Collected data:
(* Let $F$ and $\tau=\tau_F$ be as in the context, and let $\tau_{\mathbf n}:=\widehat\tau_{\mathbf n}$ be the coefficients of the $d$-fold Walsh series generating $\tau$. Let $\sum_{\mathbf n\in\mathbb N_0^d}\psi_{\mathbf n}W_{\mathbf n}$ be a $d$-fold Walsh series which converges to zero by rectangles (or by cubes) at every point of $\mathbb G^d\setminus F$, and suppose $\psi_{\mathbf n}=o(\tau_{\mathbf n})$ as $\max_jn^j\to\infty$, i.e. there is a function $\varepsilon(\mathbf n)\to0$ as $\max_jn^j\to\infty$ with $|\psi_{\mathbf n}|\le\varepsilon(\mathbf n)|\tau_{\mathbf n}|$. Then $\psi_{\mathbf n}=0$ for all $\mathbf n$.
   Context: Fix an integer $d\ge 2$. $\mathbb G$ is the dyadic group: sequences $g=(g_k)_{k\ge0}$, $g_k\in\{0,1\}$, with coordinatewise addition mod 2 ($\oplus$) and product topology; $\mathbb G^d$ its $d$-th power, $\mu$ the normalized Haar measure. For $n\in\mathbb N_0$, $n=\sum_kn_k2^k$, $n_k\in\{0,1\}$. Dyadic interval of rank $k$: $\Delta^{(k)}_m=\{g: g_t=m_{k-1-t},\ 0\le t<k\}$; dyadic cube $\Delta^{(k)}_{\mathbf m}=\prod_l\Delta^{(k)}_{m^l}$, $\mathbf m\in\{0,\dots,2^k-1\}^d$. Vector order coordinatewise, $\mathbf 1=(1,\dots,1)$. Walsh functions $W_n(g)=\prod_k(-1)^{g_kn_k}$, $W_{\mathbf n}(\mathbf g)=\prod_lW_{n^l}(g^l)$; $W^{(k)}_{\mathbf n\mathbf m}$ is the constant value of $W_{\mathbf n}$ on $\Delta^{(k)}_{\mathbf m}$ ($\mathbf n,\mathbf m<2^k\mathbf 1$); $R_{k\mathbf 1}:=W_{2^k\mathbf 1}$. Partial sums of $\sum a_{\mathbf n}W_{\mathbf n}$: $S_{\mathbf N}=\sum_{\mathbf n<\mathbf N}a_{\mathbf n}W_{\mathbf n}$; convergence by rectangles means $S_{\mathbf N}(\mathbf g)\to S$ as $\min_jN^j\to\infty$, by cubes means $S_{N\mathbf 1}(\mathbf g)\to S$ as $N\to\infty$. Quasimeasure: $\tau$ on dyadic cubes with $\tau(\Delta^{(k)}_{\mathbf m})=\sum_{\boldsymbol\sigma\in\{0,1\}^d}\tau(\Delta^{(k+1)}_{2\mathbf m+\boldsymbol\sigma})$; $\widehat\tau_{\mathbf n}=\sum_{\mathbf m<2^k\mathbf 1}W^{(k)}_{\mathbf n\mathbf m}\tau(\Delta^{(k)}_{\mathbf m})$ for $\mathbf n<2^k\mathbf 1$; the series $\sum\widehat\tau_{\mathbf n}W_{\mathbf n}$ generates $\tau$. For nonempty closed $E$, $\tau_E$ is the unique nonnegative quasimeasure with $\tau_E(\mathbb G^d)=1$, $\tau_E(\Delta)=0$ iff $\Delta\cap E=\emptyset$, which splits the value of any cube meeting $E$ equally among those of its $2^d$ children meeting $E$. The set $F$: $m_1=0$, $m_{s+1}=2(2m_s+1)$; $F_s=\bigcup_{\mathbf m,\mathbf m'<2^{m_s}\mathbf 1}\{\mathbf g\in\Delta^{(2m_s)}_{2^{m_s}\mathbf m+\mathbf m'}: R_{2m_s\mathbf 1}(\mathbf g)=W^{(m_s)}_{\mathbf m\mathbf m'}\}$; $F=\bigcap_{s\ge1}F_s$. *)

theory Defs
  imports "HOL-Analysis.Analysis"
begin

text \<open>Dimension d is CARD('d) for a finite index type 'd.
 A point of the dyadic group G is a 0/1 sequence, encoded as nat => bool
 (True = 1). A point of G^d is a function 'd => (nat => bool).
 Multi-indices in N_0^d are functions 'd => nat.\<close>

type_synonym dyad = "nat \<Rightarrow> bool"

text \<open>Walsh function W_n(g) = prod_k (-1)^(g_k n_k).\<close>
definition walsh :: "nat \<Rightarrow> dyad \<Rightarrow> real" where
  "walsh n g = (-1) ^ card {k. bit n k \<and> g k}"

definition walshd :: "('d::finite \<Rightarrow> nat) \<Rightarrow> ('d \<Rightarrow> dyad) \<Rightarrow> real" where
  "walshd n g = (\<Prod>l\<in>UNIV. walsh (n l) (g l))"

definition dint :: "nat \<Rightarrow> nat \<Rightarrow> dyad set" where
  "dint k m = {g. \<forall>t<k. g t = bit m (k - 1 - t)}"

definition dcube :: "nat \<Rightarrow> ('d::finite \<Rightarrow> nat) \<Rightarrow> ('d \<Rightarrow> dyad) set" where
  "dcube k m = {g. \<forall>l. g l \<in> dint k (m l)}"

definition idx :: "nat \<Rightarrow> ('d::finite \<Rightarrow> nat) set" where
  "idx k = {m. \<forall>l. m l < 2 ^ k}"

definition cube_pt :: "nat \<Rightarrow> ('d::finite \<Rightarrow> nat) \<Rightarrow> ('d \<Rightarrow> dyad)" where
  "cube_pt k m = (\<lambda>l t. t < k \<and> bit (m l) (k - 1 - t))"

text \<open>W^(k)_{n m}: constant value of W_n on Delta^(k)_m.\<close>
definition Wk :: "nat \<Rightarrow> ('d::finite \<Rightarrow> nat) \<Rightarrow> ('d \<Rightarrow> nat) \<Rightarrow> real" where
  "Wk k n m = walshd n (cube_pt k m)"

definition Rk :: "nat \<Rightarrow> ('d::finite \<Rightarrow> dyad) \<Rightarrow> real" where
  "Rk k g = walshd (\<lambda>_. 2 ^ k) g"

**Requirement**
Answer with the exact lines running from the one that contains "W_n on Delta^(k)_m.\<close>" through the last line of the data. Include no other line.

**Expected output**
text \<open>W^(k)_{n m}: constant value of W_n on Delta^(k)_m.\<close>
definition Wk :: "nat \<Rightarrow> ('d::finite \<Rightarrow> nat) \<Rightarrow> ('d \<Rightarrow> nat) \<Rightarrow> real" where
  "Wk k n m = walshd n (cube_pt k m)"

definition Rk :: "nat \<Rightarrow> ('d::finite \<Rightarrow> dyad) \<Rightarrow> real" where
  "Rk k g = walshd (\<lambda>_. 2 ^ k) g"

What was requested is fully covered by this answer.